• _Collected data entries_
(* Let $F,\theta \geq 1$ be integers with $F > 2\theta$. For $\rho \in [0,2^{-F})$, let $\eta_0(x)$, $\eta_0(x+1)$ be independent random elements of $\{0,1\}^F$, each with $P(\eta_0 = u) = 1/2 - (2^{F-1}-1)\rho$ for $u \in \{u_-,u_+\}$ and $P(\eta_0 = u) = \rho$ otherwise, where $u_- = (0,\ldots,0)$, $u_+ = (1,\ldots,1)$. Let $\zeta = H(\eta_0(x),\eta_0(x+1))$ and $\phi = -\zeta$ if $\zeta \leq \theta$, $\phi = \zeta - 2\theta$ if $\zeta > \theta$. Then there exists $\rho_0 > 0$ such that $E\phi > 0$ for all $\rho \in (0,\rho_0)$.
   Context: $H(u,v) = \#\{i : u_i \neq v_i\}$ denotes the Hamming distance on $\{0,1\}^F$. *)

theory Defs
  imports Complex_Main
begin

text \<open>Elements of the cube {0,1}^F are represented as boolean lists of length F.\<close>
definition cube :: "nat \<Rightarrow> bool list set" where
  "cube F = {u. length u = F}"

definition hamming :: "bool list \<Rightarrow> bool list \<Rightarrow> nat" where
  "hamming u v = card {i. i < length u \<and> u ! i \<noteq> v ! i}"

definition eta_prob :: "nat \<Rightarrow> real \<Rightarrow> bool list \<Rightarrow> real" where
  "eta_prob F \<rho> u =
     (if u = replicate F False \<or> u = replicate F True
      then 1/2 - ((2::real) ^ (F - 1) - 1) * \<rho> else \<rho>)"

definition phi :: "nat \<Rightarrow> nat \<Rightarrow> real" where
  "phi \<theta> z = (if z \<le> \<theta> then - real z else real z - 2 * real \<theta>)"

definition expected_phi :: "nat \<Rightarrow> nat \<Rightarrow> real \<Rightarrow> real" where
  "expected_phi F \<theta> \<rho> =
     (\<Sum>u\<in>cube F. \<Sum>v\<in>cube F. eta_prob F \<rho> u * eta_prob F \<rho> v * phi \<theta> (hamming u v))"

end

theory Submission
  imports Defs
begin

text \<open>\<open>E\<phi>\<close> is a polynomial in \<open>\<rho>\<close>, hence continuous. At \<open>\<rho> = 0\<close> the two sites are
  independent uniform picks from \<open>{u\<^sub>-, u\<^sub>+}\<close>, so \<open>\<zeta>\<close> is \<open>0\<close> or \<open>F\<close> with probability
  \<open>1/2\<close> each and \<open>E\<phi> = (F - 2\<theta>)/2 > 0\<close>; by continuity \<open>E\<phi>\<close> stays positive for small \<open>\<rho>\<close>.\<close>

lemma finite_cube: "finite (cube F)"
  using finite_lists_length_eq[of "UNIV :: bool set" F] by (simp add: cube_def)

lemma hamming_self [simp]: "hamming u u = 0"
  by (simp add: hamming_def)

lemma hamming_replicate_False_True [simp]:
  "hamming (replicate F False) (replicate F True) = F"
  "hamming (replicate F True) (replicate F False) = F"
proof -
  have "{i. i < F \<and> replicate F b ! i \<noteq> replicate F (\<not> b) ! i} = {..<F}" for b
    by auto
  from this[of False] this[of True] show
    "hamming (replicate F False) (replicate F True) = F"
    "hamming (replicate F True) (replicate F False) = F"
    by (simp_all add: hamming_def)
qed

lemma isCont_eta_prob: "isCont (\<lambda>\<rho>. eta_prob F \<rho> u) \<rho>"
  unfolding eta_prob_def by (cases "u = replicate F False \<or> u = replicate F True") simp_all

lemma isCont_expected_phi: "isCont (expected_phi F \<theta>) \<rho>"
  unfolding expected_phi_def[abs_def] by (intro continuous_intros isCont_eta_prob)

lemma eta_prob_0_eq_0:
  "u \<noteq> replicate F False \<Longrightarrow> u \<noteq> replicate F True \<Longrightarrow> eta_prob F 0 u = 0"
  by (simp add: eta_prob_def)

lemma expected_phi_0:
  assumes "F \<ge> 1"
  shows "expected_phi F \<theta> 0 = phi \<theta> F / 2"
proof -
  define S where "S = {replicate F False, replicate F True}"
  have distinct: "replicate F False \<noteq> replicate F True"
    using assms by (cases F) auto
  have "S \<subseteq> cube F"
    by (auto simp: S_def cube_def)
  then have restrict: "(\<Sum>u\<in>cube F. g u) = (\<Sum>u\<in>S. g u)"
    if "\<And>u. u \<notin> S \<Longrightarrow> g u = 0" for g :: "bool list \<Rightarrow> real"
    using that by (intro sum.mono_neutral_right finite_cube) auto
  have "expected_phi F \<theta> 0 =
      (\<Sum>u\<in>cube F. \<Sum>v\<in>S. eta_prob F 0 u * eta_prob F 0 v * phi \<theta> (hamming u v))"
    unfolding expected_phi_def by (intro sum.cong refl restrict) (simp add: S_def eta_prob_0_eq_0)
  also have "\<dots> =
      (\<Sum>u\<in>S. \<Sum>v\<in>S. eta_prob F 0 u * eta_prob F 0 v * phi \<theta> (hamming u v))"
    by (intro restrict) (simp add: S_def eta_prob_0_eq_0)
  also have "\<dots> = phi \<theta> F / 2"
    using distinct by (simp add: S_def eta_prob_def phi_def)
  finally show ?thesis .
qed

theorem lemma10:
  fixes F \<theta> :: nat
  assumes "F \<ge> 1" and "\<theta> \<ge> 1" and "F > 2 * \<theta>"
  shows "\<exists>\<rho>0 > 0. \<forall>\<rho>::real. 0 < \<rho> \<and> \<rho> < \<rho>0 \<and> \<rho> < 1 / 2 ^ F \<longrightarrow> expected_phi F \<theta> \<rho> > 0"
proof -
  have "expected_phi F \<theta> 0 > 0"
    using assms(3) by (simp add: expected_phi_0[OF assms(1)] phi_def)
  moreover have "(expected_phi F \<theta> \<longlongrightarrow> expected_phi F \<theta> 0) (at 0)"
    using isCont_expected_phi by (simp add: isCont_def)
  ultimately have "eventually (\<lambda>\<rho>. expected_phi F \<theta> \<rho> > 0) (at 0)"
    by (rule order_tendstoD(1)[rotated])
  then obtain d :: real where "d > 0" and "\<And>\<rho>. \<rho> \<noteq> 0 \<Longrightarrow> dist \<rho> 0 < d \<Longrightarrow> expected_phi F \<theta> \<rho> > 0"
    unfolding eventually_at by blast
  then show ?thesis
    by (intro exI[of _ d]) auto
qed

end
* * *
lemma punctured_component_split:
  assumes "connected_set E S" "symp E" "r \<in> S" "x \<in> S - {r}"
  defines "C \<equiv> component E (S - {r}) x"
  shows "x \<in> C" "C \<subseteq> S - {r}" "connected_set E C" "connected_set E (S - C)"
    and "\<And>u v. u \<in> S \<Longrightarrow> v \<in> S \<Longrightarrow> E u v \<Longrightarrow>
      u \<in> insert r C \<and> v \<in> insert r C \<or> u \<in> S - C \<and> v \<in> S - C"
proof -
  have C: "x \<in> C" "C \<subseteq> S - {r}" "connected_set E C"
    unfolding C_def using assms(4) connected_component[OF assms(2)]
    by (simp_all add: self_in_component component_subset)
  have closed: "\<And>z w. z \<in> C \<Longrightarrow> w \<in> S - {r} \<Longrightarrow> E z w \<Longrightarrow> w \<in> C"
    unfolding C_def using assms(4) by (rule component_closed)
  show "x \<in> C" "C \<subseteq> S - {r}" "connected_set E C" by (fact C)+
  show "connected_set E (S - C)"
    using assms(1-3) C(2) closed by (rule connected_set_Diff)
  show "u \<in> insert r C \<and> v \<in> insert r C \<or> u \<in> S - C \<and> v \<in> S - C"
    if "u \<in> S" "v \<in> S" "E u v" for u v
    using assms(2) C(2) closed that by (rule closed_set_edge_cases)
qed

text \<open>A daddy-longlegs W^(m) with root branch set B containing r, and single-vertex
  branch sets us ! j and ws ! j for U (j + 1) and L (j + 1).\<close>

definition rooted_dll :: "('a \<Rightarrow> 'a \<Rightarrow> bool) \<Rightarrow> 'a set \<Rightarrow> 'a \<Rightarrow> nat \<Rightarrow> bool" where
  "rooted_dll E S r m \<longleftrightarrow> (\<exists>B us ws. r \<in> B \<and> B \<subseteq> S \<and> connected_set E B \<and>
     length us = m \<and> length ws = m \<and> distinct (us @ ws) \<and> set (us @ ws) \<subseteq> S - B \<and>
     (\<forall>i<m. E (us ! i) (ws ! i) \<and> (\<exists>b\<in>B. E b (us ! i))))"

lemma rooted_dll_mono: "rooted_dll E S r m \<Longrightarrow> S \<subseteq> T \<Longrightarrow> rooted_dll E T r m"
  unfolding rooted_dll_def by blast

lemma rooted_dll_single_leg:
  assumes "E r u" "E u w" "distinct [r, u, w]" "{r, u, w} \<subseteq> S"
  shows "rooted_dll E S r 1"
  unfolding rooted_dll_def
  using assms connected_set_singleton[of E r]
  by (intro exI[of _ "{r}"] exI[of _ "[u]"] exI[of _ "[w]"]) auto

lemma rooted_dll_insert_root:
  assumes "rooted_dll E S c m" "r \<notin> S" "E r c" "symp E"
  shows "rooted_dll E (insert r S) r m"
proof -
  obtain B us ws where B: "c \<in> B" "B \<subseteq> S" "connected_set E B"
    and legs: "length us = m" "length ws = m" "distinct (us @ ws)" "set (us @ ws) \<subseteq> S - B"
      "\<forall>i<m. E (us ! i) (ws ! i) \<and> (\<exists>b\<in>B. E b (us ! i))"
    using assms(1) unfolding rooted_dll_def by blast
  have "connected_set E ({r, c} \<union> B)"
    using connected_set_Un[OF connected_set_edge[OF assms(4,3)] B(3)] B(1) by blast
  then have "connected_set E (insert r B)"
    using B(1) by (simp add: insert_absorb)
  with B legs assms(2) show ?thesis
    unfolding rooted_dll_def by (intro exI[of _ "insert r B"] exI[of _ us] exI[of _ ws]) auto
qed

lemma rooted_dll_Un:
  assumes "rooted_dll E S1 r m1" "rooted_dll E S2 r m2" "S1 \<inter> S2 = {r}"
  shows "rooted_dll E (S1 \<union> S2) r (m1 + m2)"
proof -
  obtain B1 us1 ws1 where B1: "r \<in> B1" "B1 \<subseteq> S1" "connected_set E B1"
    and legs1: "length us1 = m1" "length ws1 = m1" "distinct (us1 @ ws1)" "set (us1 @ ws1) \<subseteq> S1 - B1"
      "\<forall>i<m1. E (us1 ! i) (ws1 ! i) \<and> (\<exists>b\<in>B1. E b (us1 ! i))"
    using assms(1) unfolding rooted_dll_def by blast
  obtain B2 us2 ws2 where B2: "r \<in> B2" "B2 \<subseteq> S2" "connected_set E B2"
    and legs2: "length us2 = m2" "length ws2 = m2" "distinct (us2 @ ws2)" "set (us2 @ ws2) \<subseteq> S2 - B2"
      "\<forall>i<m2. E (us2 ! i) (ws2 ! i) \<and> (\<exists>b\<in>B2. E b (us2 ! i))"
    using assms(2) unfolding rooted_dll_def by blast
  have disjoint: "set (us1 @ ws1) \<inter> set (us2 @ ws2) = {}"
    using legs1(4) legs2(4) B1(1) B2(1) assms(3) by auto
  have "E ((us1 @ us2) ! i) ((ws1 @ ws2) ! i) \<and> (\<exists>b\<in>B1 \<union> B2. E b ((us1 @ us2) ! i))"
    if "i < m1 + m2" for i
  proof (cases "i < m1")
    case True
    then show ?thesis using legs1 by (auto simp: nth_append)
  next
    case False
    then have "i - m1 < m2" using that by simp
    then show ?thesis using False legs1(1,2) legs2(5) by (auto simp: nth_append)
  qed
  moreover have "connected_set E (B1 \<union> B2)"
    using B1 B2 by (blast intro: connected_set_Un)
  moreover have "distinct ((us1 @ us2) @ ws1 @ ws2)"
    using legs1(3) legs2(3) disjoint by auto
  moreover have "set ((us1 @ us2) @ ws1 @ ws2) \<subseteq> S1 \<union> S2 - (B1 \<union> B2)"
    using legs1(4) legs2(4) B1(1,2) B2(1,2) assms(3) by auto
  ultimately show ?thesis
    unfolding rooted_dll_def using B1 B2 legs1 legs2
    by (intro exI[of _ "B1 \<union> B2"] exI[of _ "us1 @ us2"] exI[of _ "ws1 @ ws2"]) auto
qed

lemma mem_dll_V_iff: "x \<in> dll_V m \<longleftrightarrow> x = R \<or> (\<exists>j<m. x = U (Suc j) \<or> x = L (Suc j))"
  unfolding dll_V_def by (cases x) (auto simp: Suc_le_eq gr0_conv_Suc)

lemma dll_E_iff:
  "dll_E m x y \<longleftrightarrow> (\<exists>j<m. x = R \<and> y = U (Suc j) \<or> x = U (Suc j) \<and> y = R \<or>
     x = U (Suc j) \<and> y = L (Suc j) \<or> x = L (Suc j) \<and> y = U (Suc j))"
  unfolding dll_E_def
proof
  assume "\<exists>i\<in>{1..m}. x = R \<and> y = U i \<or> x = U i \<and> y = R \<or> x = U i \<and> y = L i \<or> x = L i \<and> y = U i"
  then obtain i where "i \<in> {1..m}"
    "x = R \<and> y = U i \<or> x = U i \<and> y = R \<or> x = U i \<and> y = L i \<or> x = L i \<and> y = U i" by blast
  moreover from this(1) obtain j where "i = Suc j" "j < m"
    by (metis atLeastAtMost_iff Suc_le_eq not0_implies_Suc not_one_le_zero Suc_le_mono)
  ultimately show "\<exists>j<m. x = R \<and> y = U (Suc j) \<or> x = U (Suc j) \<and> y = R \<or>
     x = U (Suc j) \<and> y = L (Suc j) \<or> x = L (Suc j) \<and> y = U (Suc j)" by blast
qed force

• _ASSIGNED TASK_
Only the lines above starting at the one containing "F False \<noteq>" and ending at the one containing "F \<theta> 0 >", both included, are to be returned, exactly as they read.

• _OUTPUT OF THE TASK_
  have distinct: "replicate F False \<noteq> replicate F True"
    using assms by (cases F) auto
  have "S \<subseteq> cube F"
    by (auto simp: S_def cube_def)
  then have restrict: "(\<Sum>u\<in>cube F. g u) = (\<Sum>u\<in>S. g u)"
    if "\<And>u. u \<notin> S \<Longrightarrow> g u = 0" for g :: "bool list \<Rightarrow> real"
    using that by (intro sum.mono_neutral_right finite_cube) auto
  have "expected_phi F \<theta> 0 =
      (\<Sum>u\<in>cube F. \<Sum>v\<in>S. eta_prob F 0 u * eta_prob F 0 v * phi \<theta> (hamming u v))"
    unfolding expected_phi_def by (intro sum.cong refl restrict) (simp add: S_def eta_prob_0_eq_0)
  also have "\<dots> =
      (\<Sum>u\<in>S. \<Sum>v\<in>S. eta_prob F 0 u * eta_prob F 0 v * phi \<theta> (hamming u v))"
    by (intro restrict) (simp add: S_def eta_prob_0_eq_0)
  also have "\<dots> = phi \<theta> F / 2"
    using distinct by (simp add: S_def eta_prob_def phi_def)
  finally show ?thesis .
qed

theorem lemma10:
  fixes F \<theta> :: nat
  assumes "F \<ge> 1" and "\<theta> \<ge> 1" and "F > 2 * \<theta>"
  shows "\<exists>\<rho>0 > 0. \<forall>\<rho>::real. 0 < \<rho> \<and> \<rho> < \<rho>0 \<and> \<rho> < 1 / 2 ^ F \<longrightarrow> expected_phi F \<theta> \<rho> > 0"
proof -
  have "expected_phi F \<theta> 0 > 0"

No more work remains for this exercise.